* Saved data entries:
--------------------------------------------------

(* Let $d \ge 1$ be an integer and let $n$ be an even integer such that $n \ge 2d+4$, except that $n = 2d+6$ is excluded when $d$ is even. Then a spherical 3-design on $S^d$ of size $n$ exists.
   Context: $S^d$ denotes the unit sphere in $\mathbb{R}^{d+1}$. A spherical $t$-design on $S^d$ of size $n$ is a finite collection $X$ of $n$ points of $S^d$ such that the average of every polynomial $f(x_0,\dots,x_d)$ of degree at most $t$ over $S^d$ (with respect to surface measure) equals $\frac{1}{|X|}\sum_{x\in X} f(x)$. *)

theory Defs
  imports "HOL-Analysis.Analysis"
begin

definition poly_fun_deg_le :: "nat \<Rightarrow> (real^'n::finite \<Rightarrow> real) \<Rightarrow> bool" where
  "poly_fun_deg_le t f \<longleftrightarrow>
     (\<exists>(A :: ('n \<Rightarrow> nat) set) (c :: ('n \<Rightarrow> nat) \<Rightarrow> real).
        finite A \<and> (\<forall>\<alpha>\<in>A. (\<Sum>i\<in>UNIV. \<alpha> i) \<le> t) \<and>
        (\<forall>x. f x = (\<Sum>\<alpha>\<in>A. c \<alpha> * (\<Prod>i\<in>UNIV. (x $ i) ^ (\<alpha> i)))))"

text \<open>The normalized surface measure is the image of the uniform probability measure on the
  unit ball under the radial projection x \<mapsto> x / |x| (the cone construction).\<close>
definition sphere_avg :: "(real^'n::finite \<Rightarrow> real) \<Rightarrow> real" where
  "sphere_avg f =
     (LINT x : ball 0 1 | lborel. f (x /\<^sub>R norm x)) / measure lborel (ball (0::real^'n) 1)"

definition spherical_design :: "nat \<Rightarrow> (real^'n::finite) set \<Rightarrow> bool" where
  "spherical_design t X \<longleftrightarrow>
     finite X \<and> X \<noteq> {} \<and> X \<subseteq> sphere 0 1 \<and>
     (\<forall>f. poly_fun_deg_le t f \<longrightarrow> sphere_avg f = (\<Sum>x\<in>X. f x) / real (card X))"

end

theory Submission
  imports Defs
begin

text \<open>
  If \<open>V\<close> is a set of unit vectors in \<open>\<real>\<^sup>D\<close> containing no antipodal pair, then \<open>X = V \<union> -V\<close>
  averages every odd polynomial to \<open>0\<close>, exactly as the sphere does. Among the remaining
  monomials of degree at most \<open>3\<close> only the quadratic ones \<open>x\<^sub>i x\<^sub>k\<close> matter, whose sphere averages
  are \<open>\<delta>\<^sub>i\<^sub>k / D\<close> by the symmetries of the sphere. So \<open>X\<close> is a spherical \<open>3\<close>-design as soon as \<open>V\<close>
  is a unit-norm tight frame: \<open>\<Sum> v v\<^sup>T = (|V| / D) I\<close>, summed over \<open>v \<in> V\<close>. Harmonic frames, sampled from cosines
  and sines of equally spaced angles, provide such \<open>V\<close> of every size \<open>m \<ge> D \<ge> 2\<close>.
\<close>

definition signed_perm :: "('n::finite \<Rightarrow> real) \<Rightarrow> ('n \<Rightarrow> 'n) \<Rightarrow> real^'n \<Rightarrow> real^'n" where
  "signed_perm s \<sigma> x = (\<chi> i. s i * x $ \<sigma> i)"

--------------------------------------------------

Output the lines above exactly, but only those between the line holding "If \<open>V\<close> is" and the line holding "are \<open>\<delta>\<^sub>i\<^sub>k /", inclusive.

* The answer:
  If \<open>V\<close> is a set of unit vectors in \<open>\<real>\<^sup>D\<close> containing no antipodal pair, then \<open>X = V \<union> -V\<close>
  averages every odd polynomial to \<open>0\<close>, exactly as the sphere does. Among the remaining
  monomials of degree at most \<open>3\<close> only the quadratic ones \<open>x\<^sub>i x\<^sub>k\<close> matter, whose sphere averages
  are \<open>\<delta>\<^sub>i\<^sub>k / D\<close> by the symmetries of the sphere. So \<open>X\<close> is a spherical \<open>3\<close>-design as soon as \<open>V\<close>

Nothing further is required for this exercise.